Step 5: Basic CRUD Operations
CRUD — Create, Read, Update, Delete. Four operations. You’ll use them in every project you ever build.
INSERT — Add Data
INSERT INTO users (username, email) VALUES
('alice', '[email protected]'),
('bob', '[email protected]'),
('charlie', '[email protected]');
SELECT — Read Data
-- Get all users
SELECT * FROM users;
-- Get specific columns
SELECT username, email FROM users;
-- Filter with WHERE
SELECT * FROM users WHERE username = 'alice';
-- Sort results
SELECT * FROM users ORDER BY created_at DESC;
-- Limit results
SELECT * FROM users LIMIT 10;
UPDATE — Modify Data
-- Update a specific user's email
UPDATE users
SET email = '[email protected]'
WHERE username = 'alice';
-- Always use WHERE with UPDATE, otherwise you'll update every row
DELETE — Remove Data
-- Delete a specific user
DELETE FROM users WHERE username = 'charlie';
-- Same rule: always use WHERE, or you'll wipe the entire table
Step 6: Connect from Python
In practice, you’ll rarely type SQL directly into psql. Your app code does it. Here’s how, using Python’s psycopg2 library:
pip install psycopg2-binary
import psycopg2
# Connect to PostgreSQL
conn = psycopg2.connect(
host="localhost",
database="myapp",
user="appuser",
password="securepassword"
)
cursor = conn.cursor()
# Insert a new user
cursor.execute(
"INSERT INTO users (username, email) VALUES (%s, %s)",
("david", "[email protected]")
)
conn.commit()
# Fetch all users
cursor.execute("SELECT * FROM users")
rows = cursor.fetchall()
for row in rows:
print(row)
# Always close the connection
cursor.close()
conn.close()
See those %s placeholders? Never swap them for Python string formatting. The %s syntax lets psycopg2 handle escaping — that’s what blocks SQL injection. Build queries by string concatenation instead, and one malicious input can wipe your entire database.
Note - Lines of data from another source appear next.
text \<open>Whether two boxes meet depends only on how, in each coordinate, the lower endpoint of
  each compares with the upper endpoint of the other. Replacing every endpoint by its rank
  among the at most \<open>2n\<close> endpoints in its coordinate therefore preserves the intersection
  graph, so there are at most \<open>(2n)^(2mn)\<close> box graphs.

  Conversely, fix \<open>t\<close> and let \<open>2tm\<close> of the boxes be thin slabs, \<open>2t\<close> parallel ones for each
  coordinate. Every other box may choose in each coordinate an interval \<open>[l, h]\<close> with
  \<open>l \<le> t < h\<close>, and its neighbourhood among the slabs recovers all these choices; this gives
  \<open>t^(2m(n - 2tm))\<close> distinct graphs. Taking \<open>t \<approx> n / ln^2 n\<close>, both bounds are
  \<open>n^((2m + o(1)) n)\<close>.\<close>

lemma intersection_graph_cong:
  assumes "\<And>i j. i \<in> {1..n} \<Longrightarrow> j \<in> {1..n} \<Longrightarrow> D i \<inter> D j = {} \<longleftrightarrow> D' i \<inter> D' j = {}"
  shows "intersection_graph n D = intersection_graph n D'"
proof -
  have "(i \<in> {1..n} \<and> j \<in> {1..n} \<and> i \<noteq> j \<and> D i \<inter> D j \<noteq> {}) \<longleftrightarrow>
        (i \<in> {1..n} \<and> j \<in> {1..n} \<and> i \<noteq> j \<and> D' i \<inter> D' j \<noteq> {})" for i j
    using assms by blast
  then show ?thesis unfolding intersection_graph_def by (simp only:)
qed

lemma doubleton_in_intersection_graph_iff:
  assumes "i \<in> {1..n}" "j \<in> {1..n}" "i \<noteq> j"
  shows "{i, j} \<in> intersection_graph n D \<longleftrightarrow> D i \<inter> D j \<noteq> {}"
  using assms by (auto simp: intersection_graph_def doubleton_eq_iff Int_commute)

lemma finite_box_graphs: "finite (box_graphs m n)"
proof (rule finite_subset)
  show "box_graphs m n \<subseteq> Pow (Pow {1..n})"
    unfolding box_graphs_def intersection_graph_def by auto
qed auto

lemma nondeg_box_imp_le: "nondeg_box m a b \<Longrightarrow> \<forall>c<m. a c \<le> b c"
  unfolding nondeg_box_def by (auto intro: less_imp_le)

lemma box_set_meet_iff:
  assumes "\<forall>c<m. a c \<le> b c" "\<forall>c<m. a' c \<le> b' c"
  shows "box_set m a b \<inter> box_set m a' b' \<noteq> {} \<longleftrightarrow> (\<forall>c<m. a c \<le> b' c \<and> a' c \<le> b c)"
proof
  assume "box_set m a b \<inter> box_set m a' b' \<noteq> {}"
  then show "\<forall>c<m. a c \<le> b' c \<and> a' c \<le> b c"
    unfolding box_set_def by force
next
  assume "\<forall>c<m. a c \<le> b' c \<and> a' c \<le> b c"
  then have "(\<lambda>c. max (a c) (a' c)) \<in> box_set m a b \<inter> box_set m a' b'"
    using assms unfolding box_set_def by auto
  then show "box_set m a b \<inter> box_set m a' b' \<noteq> {}" by blast
qed

lemma intersection_graph_boxes_cong:
  assumes "\<forall>k\<in>{1..n}. \<forall>c<m. a k c \<le> b k c" "\<forall>k\<in>{1..n}. \<forall>c<m. a' k c \<le> b' k c"
    and "\<And>i j c. i \<in> {1..n} \<Longrightarrow> j \<in> {1..n} \<Longrightarrow> c < m \<Longrightarrow> a i c \<le> b j c \<longleftrightarrow> a' i c \<le> b' j c"
  shows "intersection_graph n (\<lambda>k. box_set m (a k) (b k)) =
    intersection_graph n (\<lambda>k. box_set m (a' k) (b' k))"
proof (rule intersection_graph_cong)
  fix i j assume "i \<in> {1..n}" "j \<in> {1..n}"
  note ij = this
  have "box_set m (a i) (b i) \<inter> box_set m (a j) (b j) \<noteq> {} \<longleftrightarrow>
      (\<forall>c<m. a i c \<le> b j c \<and> a j c \<le> b i c)"
    using assms(1) ij by (intro box_set_meet_iff) auto
  also have "\<dots> \<longleftrightarrow> (\<forall>c<m. a' i c \<le> b' j c \<and> a' j c \<le> b' i c)"
    using assms(3) ij by auto
  also have "\<dots> \<longleftrightarrow> box_set m (a' i) (b' i) \<inter> box_set m (a' j) (b' j) \<noteq> {}"
    using assms(2) ij by (intro box_set_meet_iff[symmetric]) auto
  finally show "box_set m (a i) (b i) \<inter> box_set m (a j) (b j) = {} \<longleftrightarrow>
      box_set m (a' i) (b' i) \<inter> box_set m (a' j) (b' j) = {}"
    by blast
qed

definition rank :: "'a::linorder set \<Rightarrow> 'a \<Rightarrow> nat" where
  "rank V v = card {u \<in> V. u < v}"

lemma rank_mono:
  assumes "finite V" "v \<le> w"
  shows "rank V v \<le> rank V w"
  unfolding rank_def using assms by (intro card_mono) auto
lemma coset_eqI:
  assumes "P - R \<in> left_ideal n G"
  shows "coset (left_ideal n G) P = coset (left_ideal n G) R"
proof -
  have "coset (left_ideal n G) P \<subseteq> coset (left_ideal n G) R"
    if "P - R \<in> left_ideal n G" for P R
  proof
    fix x assume "x \<in> coset (left_ideal n G) P"
    then obtain h where h: "h \<in> left_ideal n G" "x = P + h" unfolding coset_def by blast
    have "(P - R) + h \<in> left_ideal n G" using left_ideal.add[OF that h(1)] .
    moreover have "x = R + ((P - R) + h)" using h(2) by simp
    ultimately show "x \<in> coset (left_ideal n G) R" unfolding coset_def by blast
  qed
  moreover have "R - P \<in> left_ideal n G"
    using left_ideal_uminus[OF assms] by simp
  ultimately show ?thesis using assms by blast
qed

lemma coset_eqD:
  assumes "coset (left_ideal n G) P = coset (left_ideal n G) R"
  shows "R - P \<in> left_ideal n G"
proof -
  have "R \<in> coset (left_ideal n G) R" unfolding coset_def using left_ideal.zero by force
  then obtain h where "h \<in> left_ideal n G" "R = P + h" using assms unfolding coset_def by blast
  then show ?thesis by simp
qed

lemma coset_vtrunc:
  assumes G: "\<forall>g\<in>G. v_homogeneous g"
    and P: "\<forall>m\<in>Poly_Mapping.keys P. vweight m \<le> k"
    and PR: "coset (left_ideal n G) P = coset (left_ideal n G) R"
  shows "coset (left_ideal n G) (vtrunc k R) = coset (left_ideal n G) P"
proof (rule coset_eqI)
  have "vtrunc k (R - P) \<in> left_ideal n G"
    by (rule left_ideal_vtrunc[OF G coset_eqD[OF PR]])
  then show "vtrunc k R - P \<in> left_ideal n G"
    using vtrunc_add[of k "R - P" P] vtrunc_id[OF P] by simp
qed

lemma vtrunc_FV: "R \<in> FV n p k' \<Longrightarrow> vtrunc k R \<in> FV n p k"
  unfolding FV_def weyl_D_def by (fastforce simp: keys_vtrunc vweight_def)

theorem lemma9:
  fixes A :: "nat \<Rightarrow> nat \<Rightarrow> int" and d n :: nat and \<beta> :: "nat \<Rightarrow> complex"
  assumes gen: "\<forall>w :: nat \<Rightarrow> int. \<exists>c :: nat \<Rightarrow> int. \<forall>i<d. w i = (\<Sum>j<n. c j * A i j)"
    and homog: "\<exists>r :: nat \<Rightarrow> rat. \<forall>j<n. (\<Sum>i<d. r i * of_int (A i j)) = 1"
  shows "nicely_bifiltered (FV_M A d n \<beta>)"
  unfolding nicely_bifiltered_def
proof (intro allI equalityI subsetI)
  fix p k c
  let ?G = "toric_gens A d n \<union> {euler_op A n (\<beta> i) i | i. i < d}"
  have G: "\<forall>g\<in>?G. v_homogeneous g"
    using toric_gen_v_homogeneous[OF homog] euler_op_v_homogeneous by blast
  assume "c \<in> (\<Union>p'. FV_M A d n \<beta> p' k) \<inter> (\<Union>k'. FV_M A d n \<beta> p k')"
  then obtain p' k' P R where P: "P \<in> FV n p' k" "c = coset (left_ideal n ?G) P"
    and R: "R \<in> FV n p k'" "c = coset (left_ideal n ?G) R"
    unfolding FV_M_def H_A_def by blast
  have "\<forall>m\<in>Poly_Mapping.keys P. vweight m \<le> k"
    using P(1) by (auto simp: FV_def vweight_def)
  then have "coset (left_ideal n ?G) (vtrunc k R) = c"
    using coset_vtrunc[OF G] P(2) R(2) by simp
  with vtrunc_FV[OF R(1)] show "c \<in> FV_M A d n \<beta> p k"
    unfolding FV_M_def H_A_def by blast
qed blast

end
(* Let $v\ne e$ be a boolean permutation. Then no optimal partner $w$ for $v$ satisfies $w\ge v$ in the Bruhat order.
   Context: $\sigma_i=(i,i+1)$; $\ell$ is length; $B(w)$ is the principal Bruhat order ideal of $w$; $e$ is the identity. A permutation is boolean if its reduced words have no repeated letters. For $Q\subseteq\mathfrak{S}_n$ with induced Bruhat order, an almost perfect matching of $Q$ is a chain $\emptyset=Q_0\subset\cdots\subset Q_l=Q$ of coideals (upward-closed subsets of $Q$) with each $Q_i\setminus Q_{i-1}$ a pair $\{x_i,y_i\}$, $x_i<y_i$, $\ell(y_i)=\ell(x_i)+1$, except for exactly one $i$ where it is a singleton $\{z\}$ (the unmatched element). For boolean $v$, $\textsf{ork}(v)$ is the largest $\ell(z)$ over all $w\in\mathfrak{S}_n$ and all almost perfect matchings of $B(v)\cap B(w)$ with unmatched element $z$; an optimal partner of $v$ is a $w$ such that $B(v)\cap B(w)$ has an almost perfect matching whose unmatched element has length $\textsf{ork}(v)$. *)

theory Defs
  imports "HOL-Combinatorics.Combinatorics"
begin

definition Sym :: "nat \<Rightarrow> (nat \<Rightarrow> nat) set" where
  "Sym n = {p. p permutes {1..n}}"

text \<open>Coxeter length = number of inversions.\<close>
definition len :: "nat \<Rightarrow> (nat \<Rightarrow> nat) \<Rightarrow> nat" where
  "len n p = card {(i, j). 1 \<le> i \<and> i < j \<and> j \<le> n \<and> p j < p i}"

definition sigma :: "nat \<Rightarrow> nat \<Rightarrow> nat" where
  "sigma i = Transposition.transpose i (Suc i)"
lemma prob_full_step_le:
  assumes "lam > 0" "mu > 0" "card {v \<in> servers t r. serve r v s \<in> A} \<le> c"
  shows "measure_pmf.prob (full_step lam mu t r s) A
    \<le> (lam * indicator A (s @ [{}]) + mu * real c) / (lam + mu * real (1 + t * r))"
proof -
  have "real (card {v \<in> servers t r. serve r v s \<in> A}) \<le> real c"
    using assms(3) by (simp only: of_nat_le_iff)
  then show ?thesis
    unfolding prob_full_step[OF assms(1,2)] using assms(1,2)
    by (intro divide_right_mono add_left_mono mult_left_mono) (auto intro: add_pos_nonneg)
qed

lemma prob_full_step_nesting_defect:
  assumes "lam > 0" "mu > 0" "k \<ge> 1"
  shows "measure_pmf.prob (full_step lam mu t r s) {s. k \<le> nesting_defect s}
    \<le> indicator {s. Suc k \<le> nesting_defect s} s
      + (1 - mu / (lam + mu * real (1 + t * r))) * indicator {s. nesting_defect s = k} s"
proof -
  define D where "D = lam + mu * real (1 + t * r)"
  define C where "C = {v \<in> servers t r. serve r v s \<in> {s. k \<le> nesting_defect s}}"
  note prob_le = prob_full_step_le[OF assms(1,2), of t r s "{s. k \<le> nesting_defect s}",
      folded C_def D_def]
  consider "nesting_defect s < k" | "nesting_defect s = k" | "Suc k \<le> nesting_defect s"
    by linarith
  then show ?thesis
  proof cases
    case 1
    then have "\<not> k \<le> nesting_defect (serve r v s)" for v
      using nesting_defect_serve[of r v s] by linarith
    then have "C = {}"
      unfolding C_def by simp
    moreover have "s @ [{}] \<notin> {s. k \<le> nesting_defect s}"
      using 1 nesting_defect_snoc_empty[of s] by simp
    ultimately show ?thesis
      using 1 prob_le[of 0] by simp
  next
    case 2
    have "None \<notin> C"
      using 2 assms(3) nesting_defect_serve_systematic[of s r] unfolding C_def by auto
    then have "card C \<le> card (servers t r - {None})"
      unfolding C_def by (intro card_mono) (auto simp: finite_servers)
    also have "\<dots> = t * r"
      using card_Diff_singleton[OF None_in_servers] by (simp add: card_servers)
    finally have "measure_pmf.prob (full_step lam mu t r s) {s. k \<le> nesting_defect s}
        \<le> (lam * indicator {s. k \<le> nesting_defect s} (s @ [{}]) + mu * real (t * r)) / D"
      by (rule prob_le)
    also have "\<dots> \<le> (lam + mu * real (t * r)) / D"
      using assms(1,2) by (intro divide_right_mono add_right_mono)
        (auto simp: D_def indicator_def intro: add_pos_nonneg)
    also have "\<dots> = 1 - mu / D"
      using assms(1,2) add_pos_nonneg[of lam "mu * real (1 + t * r)"]
      by (simp add: D_def field_simps)
    finally show ?thesis
      using 2 by (simp add: D_def)
  next
    case 3
    then show ?thesis
      using measure_pmf.prob_le_1 by simp
  qed
qed
lemma ph_ge_pL: "s \<le> s3 \<Longrightarrow> pL \<le> ph s"
proof (rule ccontr)
  assume s: "s \<le> s3" and "\<not> pL \<le> ph s"
  then have below: "ph s < pL" by simp
  then have "s < s3" using s ph_reach pL_less_pm by (cases "s = s3") auto
  obtain s0 where s0: "s0 \<le> s - 1" "ph s < ph s0"
    using eventually_at_bot_exists_le[OF order_tendstoD(1)[OF ph_lim below]] by blast
  obtain m where m: "m \<in> {s0..s3}" "\<forall>y\<in>{s0..s3}. ph m \<le> ph y"
    using continuous_attains_inf[of "{s0..s3}" ph] continuous_on_Icc_ph s0 \<open>s < s3\<close> by auto
  then have "ph m \<le> ph s" using s0 s by auto
  then have m_interior: "s0 < m" "m < s3"
    using m s0 below ph_reach pL_less_pm by (auto simp: order.order_iff_strict)
  have "sqrt (2 * U pL) < v m"
    using v_at_turning_point w_zero_at_interior_extremum m m_interior \<open>ph m \<le> ph s\<close> below by auto
  obtain c where c: "m \<le> c" "c \<le> s3" "ph c = pL"
    using IVT'[of ph m pL s3] \<open>ph m \<le> ph s\<close> below ph_reach pL_less_pm m_interior
      continuous_on_Icc_ph by auto
  have "sqrt (2 * U pL) < v c"
    using \<open>sqrt (2 * U pL) < v m\<close> v_mono[of m c] c by simp
  then have "(sqrt (2 * U pL))\<^sup>2 < (v c)\<^sup>2" using U_pL_pos by (intro power_strict_mono) auto
  then have "2 * U pL < (v c)\<^sup>2" using U_pL_pos by simp
  then show False using energy_bound[of c] c by simp
qed

text \<open>A sign change of w would produce a local maximum of ph above pL before t, where
  v > 0 by the previous lemma.\<close>

lemma w_nonneg_while_v_nonpos:
  assumes t: "t \<le> s3" "v t \<le> 0" and s: "s < t"
  shows "0 \<le> w s"
proof (rule ccontr)
  assume "\<not> 0 \<le> w s"
  then obtain d where d: "0 < d" "\<forall>h>0. h < d \<longrightarrow> ph s < ph (s - h)"
    using DERIV_neg_dec_left[OF ph_deriv[of s]] s t by auto
  define s' where "s' = s - d / 2"
  have "ph s < ph s'" "s' < s" using d by (simp_all add: s'_def)
  then have "pL < ph s'" using ph_ge_pL[of s] s t by simp
  then obtain s0 where s0: "s0 \<le> s' - 1" "ph s0 < ph s'"
    using eventually_at_bot_exists_le[OF order_tendstoD(2)[OF ph_lim]] by blast
  have "s0 \<le> s" "s \<le> s3" using s0 \<open>s' < s\<close> s t by simp_all
  then obtain p where p: "p \<in> {s0..s}" "\<forall>y\<in>{s0..s}. ph y \<le> ph p"
    using continuous_attains_sup[of "{s0..s}" ph] continuous_on_Icc_ph[of s s0] by auto
  then have "ph s' \<le> ph p" using s0 \<open>s' < s\<close> by auto
  then have "p \<noteq> s0" "p \<noteq> s" using s0 \<open>ph s < ph s'\<close> by auto
  then have p_interior: "s0 < p" "p < s" using p(1) by auto
  have "w p = 0"
    using w_zero_at_interior_extremum[of s0 p s] p p_interior s t by auto
  moreover have "ph p \<noteq> pL" using \<open>pL < ph s'\<close> \<open>ph s' \<le> ph p\<close> by simp
  ultimately have "sqrt (2 * U pL) < v p"
    using v_at_turning_point[of p] p_interior s t by simp
  moreover have "0 \<le> sqrt (2 * U pL)" using U_pL_pos by simp
  ultimately have "0 < v p" by linarith
  moreover have "v p \<le> v t" using v_mono p_interior s t by simp
  ultimately show False using t by simp
qed

lemma U_pL_less_U_pm: "U pL < U pm"
  using U_pL_less[of pm] pL_less_pm ph_lower[of s3] ph_reach by simp

lemma v_sq_less_before_pm: "s < s3 \<Longrightarrow> (v s)\<^sup>2 < 2 * U pm"
  using energy_bound[of s] U_less_U_pm[OF ph_ge_pL ph_less_pm, of s] by simp
lemma card_factor_count_eq_upto_le:
  assumes k: "k \<ge> 1" and x: "x \<ge> 4 ^ k"
  shows "card (factor_count_eq_upto k x)
    \<le> sqrt x + 16 * real k * x / ln x * prime_recip_sum x ^ (k - 1)"
proof -
  have "(4::real) ^ 1 \<le> 4 ^ k" using k by (intro power_increasing) auto
  then have x4: "x \<ge> 4" using x by simp
  then have lnx: "ln x > 0" by simp
  define z where "z = x powr (1 / (2 * real k))"
  have z0: "z > 0" using x4 by (simp add: z_def)
  have zk: "z ^ k = sqrt x" and lnz: "ln z = ln x / (2 * real k)"
    unfolding z_def using x4 k by (intro power_powr_inverse_double ln_powr_inverse_double; simp)+
  have "(2 ^ k) ^ 2 = (4::real) ^ k" by (simp add: power2_eq_square power_mult_distrib [symmetric])
  then have "(2 ^ k) ^ 2 \<le> x" using x by simp
  then have "2 ^ Suc (k - 1) \<le> z ^ Suc (k - 1)" using zk k by (simp add: real_le_rsqrt)
  then have z2: "z \<ge> 2" by (rule power_le_imp_le_base) (use z0 in simp)
  let ?S = "factor_count_eq_upto k x"
  have "?S = {n \<in> ?S. real n \<le> sqrt x} \<union> {n \<in> ?S. real n > z ^ k}" using zk by auto
  then have "card ?S \<le> card {n \<in> ?S. real n \<le> sqrt x} + card {n \<in> ?S. real n > z ^ k}"
    by (metis card_Un_le)
  moreover have "card {n \<in> ?S. real n \<le> sqrt x} \<le> nat \<lfloor>sqrt x\<rfloor>"
    using card_mono[of "{1..nat \<lfloor>sqrt x\<rfloor>}" "{n \<in> ?S. real n \<le> sqrt x}"]
    by (force simp: factor_count_eq_upto_def le_nat_floor)
  moreover have "real (card {n \<in> ?S. real n > z ^ k})
      \<le> (\<Sum>m\<in>factor_count_eq_upto (k - 1) x. real (card (primes_between z (x / m))))"
    using card_factor_count_eq_upto_above_le[OF z0, of k x] by (simp flip: of_nat_sum)
  moreover have "\<dots> \<le> (\<Sum>m\<in>factor_count_eq_upto (k - 1) x. 16 * real k * x / ln x * (1 / m))"
  proof (rule sum_mono)
    fix m assume "m \<in> factor_count_eq_upto (k - 1) x"
    then have "real m > 0" by (simp add: factor_count_eq_upto_def)
    then have "real (card (primes_between z (x / m))) \<le> 8 * (x / m) / ln z"
      using z2 x4 by (intro card_primes_between_le) auto
    also have "\<dots> = 16 * real k * x / ln x * (1 / m)"
      unfolding lnz using k lnx \<open>real m > 0\<close> by (simp add: field_simps)
    finally show "real (card (primes_between z (x / m))) \<le> 16 * real k * x / ln x * (1 / m)" .
  qed
  moreover have "\<dots> = 16 * real k * x / ln x * (\<Sum>m\<in>factor_count_eq_upto (k - 1) x. 1 / m)"
    by (rule sum_distrib_left [symmetric])
  moreover have "\<dots> \<le> 16 * real k * x / ln x * prime_recip_sum x ^ (k - 1)"
    using sum_recip_factor_count_eq_upto_le[of "k - 1" x] x4 lnx by (intro mult_left_mono) auto
  moreover have "real (nat \<lfloor>sqrt x\<rfloor>) \<le> sqrt x" using x4 by simp
  ultimately show ?thesis by linarith
qed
Step 7: A Few Practical Tips
- Use transactions: Group related operations with
BEGIN/COMMIT. If one step fails, none of them apply — critical for anything involving money or linked records. - Index columns you filter by:
CREATE INDEX idx_users_email ON users(email);— on a table with 1 million rows, a query filtering by email can drop from ~800ms to under 5ms with a proper index. - Read the query plan: Prefix any query with
EXPLAIN ANALYZEto see exactly how PostgreSQL executes it. Invaluable for diagnosing slow queries before they hit production. - Back up regularly:
pg_dump myapp > backup.sqlexports your database.psql myapp < backup.sqlrestores it. Simple, and it works.
Where to Go Next
The basics above will get you surprisingly far. When they start feeling limiting, focus on JOINs (pulling related data from multiple tables in a single query), deeper indexing strategies, and transaction management.
After that: connection pooling with pgBouncer and replication for production setups. The official PostgreSQL docs at postgresql.org/docs are genuinely excellent — detailed, accurate, well-organized. Bookmark them from day one.